Symbiosis Pharmaceutical Services has appointed Wendy Cook as a qualified person (QP), strengthening its regulatory and quality leadership team at a time of growth for the global contract manufacturing organisation (CMO). Symbiosis specialises in the sterile manufacture of injectable drug products.

Cook brings more than 20 years of pharmaceutical quality assurance experience across GLP, GCP and GMP environments, with expertise in sterile manufacturing and clinical trial supply chains. Since qualifying as a QP in 2018, she has held roles at both CDMOs and global CMOs, overseeing batch certification, regulatory submissions and quality oversight across multiple dosage forms, including sterile injectables.

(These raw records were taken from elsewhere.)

lemma dim_tridiag_mat [simp]:
  "dim_row (tridiag_mat m d \<beta> \<alpha>) = m" "dim_col (tridiag_mat m d \<beta> \<alpha>) = m"
  by (simp_all add: tridiag_mat_def)

lemma index_tridiag_mat:
  "r < m \<Longrightarrow> c < m \<Longrightarrow> tridiag_mat m d \<beta> \<alpha> $$ (r, c) =
     (if c = r then d else if Suc c = r then \<beta> else if c = Suc r then \<alpha> else 0)"
  by (simp add: tridiag_mat_def)

lemma tridiagonal_support_tridiag_mat:
  "d \<noteq> 0 \<Longrightarrow> \<beta> \<noteq> 0 \<Longrightarrow> \<alpha> \<noteq> 0 \<Longrightarrow> tridiagonal_support m (tridiag_mat m d \<beta> \<alpha>)"
  by (auto simp: tridiagonal_support_def index_tridiag_mat)

lemma index_tridiag_mat_mult_vec:
  fixes v :: "'a :: comm_semiring_1 vec"
  assumes v: "v \<in> carrier_vec m" and k: "k < m"
  shows "(tridiag_mat m d \<beta> \<alpha> *\<^sub>v v) $ k = (if 0 < k then \<beta> * v $ (k - 1) else 0) + d * v $ k
     + (if Suc k < m then \<alpha> * v $ Suc k else 0)"
proof -
  have "(tridiag_mat m d \<beta> \<alpha> *\<^sub>v v) $ k = (\<Sum>c<m. tridiag_mat m d \<beta> \<alpha> $$ (k, c) * v $ c)"
    using v k by (simp add: scalar_prod_def lessThan_atLeast0 tridiag_mat_def)
  also have "\<dots> = (\<Sum>c<m. (if 0 < k \<and> c = k - 1 then \<beta> * v $ c else 0)
      + (if c = k then d * v $ c else 0) + (if c = Suc k then \<alpha> * v $ c else 0))"
    using k by (intro sum.cong) (auto simp: index_tridiag_mat)
  also have "\<dots> = (if 0 < k then \<beta> * v $ (k - 1) else 0) + d * v $ k
     + (if Suc k < m then \<alpha> * v $ Suc k else 0)"
    using k by (simp add: sum.distrib sum.If_cases)
  finally show ?thesis .
qed

lemma linear_recurrence_closed_form:
  fixes y :: "nat \<Rightarrow> 'a :: comm_ring_1"
  assumes "y 0 = 0"
    and recurrence: "\<And>k. k < N \<Longrightarrow> y (Suc (Suc k)) = (r + s) * y (Suc k) - r * s * y k"
    and "k \<le> Suc N"
  shows "(s - r) * y k = (s ^ k - r ^ k) * y 1"
  using \<open>k \<le> Suc N\<close>
proof (induction k rule: induct_nat_012)
  case (ge2 k)
  have "k < N" and IH: "(s - r) * y k = (s ^ k - r ^ k) * y 1"
      "(s - r) * y (Suc k) = (s ^ Suc k - r ^ Suc k) * y 1"
    using ge2.IH ge2.prems by simp_all
  have "(s - r) * y (Suc (Suc k)) = (r + s) * ((s - r) * y (Suc k)) - r * s * ((s - r) * y k)"
    unfolding recurrence[OF \<open>k < N\<close>] by (simp add: algebra_simps)
  also have "\<dots> = ((r + s) * (s ^ Suc k - r ^ Suc k) - r * s * (s ^ k - r ^ k)) * y 1"
    unfolding IH by (simp add: algebra_simps)
  also have "\<dots> = (s ^ Suc (Suc k) - r ^ Suc (Suc k)) * y 1"
    by (simp add: algebra_simps)
  finally show ?case .
qed (simp_all add: \<open>y 0 = 0\<close>)

text \<open>The matrix is parametrised by the roots r, s of its characteristic polynomial
  \<alpha> x^2 + d x + \<beta>.\<close>

lemma det_tridiag_mat_nonzero:
  fixes \<alpha> r s :: "'a :: field"
  assumes "\<alpha> \<noteq> 0" "r \<noteq> s" "r ^ Suc m \<noteq> s ^ Suc m"
  shows "det (tridiag_mat m (- \<alpha> * (r + s)) (\<alpha> * r * s) \<alpha>) \<noteq> 0"
proof -
  let ?T = "tridiag_mat m (- \<alpha> * (r + s)) (\<alpha> * r * s) \<alpha>"
  have "v = 0\<^sub>v m" if v: "v \<in> carrier_vec m" and Tv: "?T *\<^sub>v v = 0\<^sub>v m" for v
  proof -
    define y where "y k = (if 1 \<le> k \<and> k \<le> m then v $ (k - 1) else 0)" for k
    have recurrence: "y (Suc (Suc k)) = (r + s) * y (Suc k) - r * s * y k" if k: "k < m" for k
    proof -
      have "(?T *\<^sub>v v) $ k = 0" using Tv k by simp
      then have "\<alpha> * (r * s * y k - (r + s) * y (Suc k) + y (Suc (Suc k))) = 0"
        unfolding index_tridiag_mat_mult_vec[OF v k] using k by (auto simp: y_def algebra_simps)
      then have "r * s * y k - (r + s) * y (Suc k) + y (Suc (Suc k)) = 0"
        using \<open>\<alpha> \<noteq> 0\<close> by simp
      then show ?thesis by (simp add: algebra_simps)
    qed
    have closed_form: "(s - r) * y k = (s ^ k - r ^ k) * y 1" if "k \<le> Suc m" for k
      using linear_recurrence_closed_form[where y = y and N = m, OF _ recurrence that]
      by (simp add: y_def)
    have "y 1 = 0"
      using closed_form[of "Suc m"] assms(3) by (simp add: y_def)
    show "v = 0\<^sub>v m"
    proof (rule eq_vecI)
      fix k assume "k < dim_vec (0\<^sub>v m)"
      then have "k < m" by simp
      with closed_form[of "Suc k"] \<open>y 1 = 0\<close> assms(2) show "v $ k = 0\<^sub>v m $ k"
        by (simp add: y_def)
    qed (use v in simp)
  qed
  then show ?thesis
    using det_0_iff_vec_prod_zero[OF tridiag_mat_carrier] by blast
qed

lemma
  fixes q d :: complex
  assumes "q \<noteq> 0" and not_root_of_unity: "\<forall>k::nat. k > 0 \<longrightarrow> q ^ k \<noteq> 1" and "d * d = 1"
  shows tridiagonal_support_tridiag_mat_ucoef:
      "tridiagonal_support m (tridiag_mat m d (ucoef_b q) (ucoef_a q))"
    and det_tridiag_mat_ucoef_nonzero: "det (tridiag_mat m d (ucoef_b q) (ucoef_a q)) \<noteq> 0"
proof -
  have "q \<noteq> 1" "q ^ Suc m \<noteq> 1"
    using not_root_of_unity by (metis One_nat_def power_one_right zero_less_Suc)+
  have "1 + q \<noteq> 0"
    using not_root_of_unity[rule_format, of 2] by (auto simp: add_eq_0_iff)
  moreover have "q + q * q = q * (1 + q)" by (simp add: algebra_simps)
  ultimately have "q + q * q \<noteq> 0" using \<open>q \<noteq> 0\<close> by simp
  then have a: "ucoef_a q \<noteq> 0" "ucoef_b q \<noteq> 0"
      "ucoef_a q * (1 + 1 / q) = 1" "ucoef_a q / q = ucoef_b q"
    using \<open>q \<noteq> 0\<close> \<open>1 + q \<noteq> 0\<close> by (simp_all add: ucoef_a_def ucoef_b_def field_simps)
  have "d \<noteq> 0" using \<open>d * d = 1\<close> by auto
  then show "tridiagonal_support m (tridiag_mat m d (ucoef_b q) (ucoef_a q))"
    using a(2,1) by (rule tridiagonal_support_tridiag_mat)
  have "- ucoef_a q * (- d + - d / q) = d * (ucoef_a q * (1 + 1 / q))"
    by (simp add: algebra_simps)
  with a(3) have "d = - ucoef_a q * (- d + - d / q)"
    by simp
  moreover have "ucoef_a q * (- d) * (- d / q) = (d * d) * (ucoef_a q / q)"
    by (simp add: algebra_simps)
  with a(4) \<open>d * d = 1\<close> have "ucoef_b q = ucoef_a q * (- d) * (- d / q)"
    by simp
  moreover have "- d \<noteq> - d / q"
    using \<open>d \<noteq> 0\<close> \<open>q \<noteq> 1\<close> \<open>q \<noteq> 0\<close> by (auto simp: field_simps)
  moreover have "(- d) ^ Suc m \<noteq> (- d) ^ Suc m / q ^ Suc m"
    using \<open>q ^ Suc m \<noteq> 1\<close> \<open>d \<noteq> 0\<close> \<open>q \<noteq> 0\<close> by (simp add: field_simps del: power_Suc)
  then have "(- d) ^ Suc m \<noteq> (- d / q) ^ Suc m"
    by (metis power_divide)
  ultimately show "det (tridiag_mat m d (ucoef_b q) (ucoef_a q)) \<noteq> 0"
    using det_tridiag_mat_nonzero[of "ucoef_a q" "- d" "- d / q" m] a(1) by simp
qed
lemma card_conj_class_not_central_mod:
  assumes x: "x \<in> carrier G" "x \<notin> C" and nz: "x \<notin> central_mod G D7"
  shows "card (conj_class G x) = 21"
proof -
  obtain h where h: "h \<in> carrier G" "commutator G h x \<notin> D7"
    using x nz by (auto simp: central_mod_def commutators_def)
  obtain s :: int where s: "commutator G h x = g [^] s"
    using commutator_in_derived[OF h(1) x(1)] unfolding mem_D_iff by blast
  have s3: "\<not> 3 dvd s"
    using h(2) s pow_mem_D7_iff by simp
  have hh: "commutator G (h \<otimes> h) x = g [^] ((int (conj_exp h) + 1) * s)"
    using h x s by (simp add: commutator_mult_left conjugate_generator_pow distrib_right
        flip: int_pow_mult)
  have gs: "g [^] s \<in> commutators G x"
    unfolding commutators_def using h(1) s by (intro image_eqI[where x = h]) simp_all
  have ghs: "g [^] ((int (conj_exp h) + 1) * s) \<in> commutators G x"
    unfolding commutators_def using h(1) hh
    by (intro image_eqI[where x = "h \<otimes> h"]) (simp_all del: int_pow_mult)
  txt \<open>As \<open>3\<close> does not divide \<open>s\<close> and \<open>conj_exp h + 1 \<equiv> 2 (mod 3)\<close>, the commutators \<open>1\<close>,
    \<open>g^s\<close> and \<open>g^((conj_exp h + 1) s)\<close> represent all three cosets of \<open>D7\<close> in \<open>D\<close>.\<close>
  have "g [^] i \<in> commutators G x" for i :: int
  proof -
    obtain r where r: "g [^] r \<in> commutators G x" "3 dvd i - r"
      using three_dvd_cases[OF s3 conj_exp_cases[OF h(1)], of i] one_mem_commutators[OF x(1)] gs ghs
      by (metis diff_0_right int_pow_0)
    have "g [^] (i - r) \<otimes> g [^] r \<in> commutators G x"
      using D7_mult_commutators[OF x _ r(1)] r(2) pow_mem_D7_iff by blast
    then show ?thesis
      by (simp flip: int_pow_mult)
  qed
  then have "commutators G x = D"
    using commutators_subset_derived[OF x(1)] by (auto simp: mem_D_iff)
  then show ?thesis
    using x card_conj_class card_derived by simp
qed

Commenting on her appointment, Cook said: “Symbiosis has built a reputation for excellence in sterile manufacturing and regulatory compliance. I look forward to supporting clients in bringing their innovative therapies to patients quickly, safely and in full compliance with GMP.”

The appointment follows Symbiosis’ successful inspection by the MHRA of its new 20,000 sq ft GMP facility. The site recently added a state-of-the-art automated sterile fill/finish line to its commercial capabilities, reinforcing the company’s robust compliance record with both UK and US regulators.

Nicola Paterson, lead QP at Symbiosis, said: “Wendy’s appointment strengthens our QP team at a pivotal time for Symbiosis. Her knowledge of GMP, regulatory expectations and sterile manufacturing adds significant expertise to our quality leadership. Combined with our recent regulatory approvals, Wendy’s arrival underlines our commitment to delivering world-class regulatory support and compliant, flexible access to sterile manufacturing capacity for our clients.”

By expanding its QP and quality leadership team, Symbiosis said it is further enhancing its ability to help global biopharmaceutical companies navigate complex regulatory requirements while ensuring the reliable and timely delivery of injectable therapies. The addition of Cook comes as demand for sterile manufacturing capacity continues to grow, particularly for therapies addressing critical or rare conditions where quality and compliance are essential.

Symbiosis said its strengthened quality leadership team, combined with its upgraded manufacturing facility, positions the company to provide clients with enhanced regulatory guidance, rapid batch certification and flexible manufacturing solutions for both clinical and commercial supply.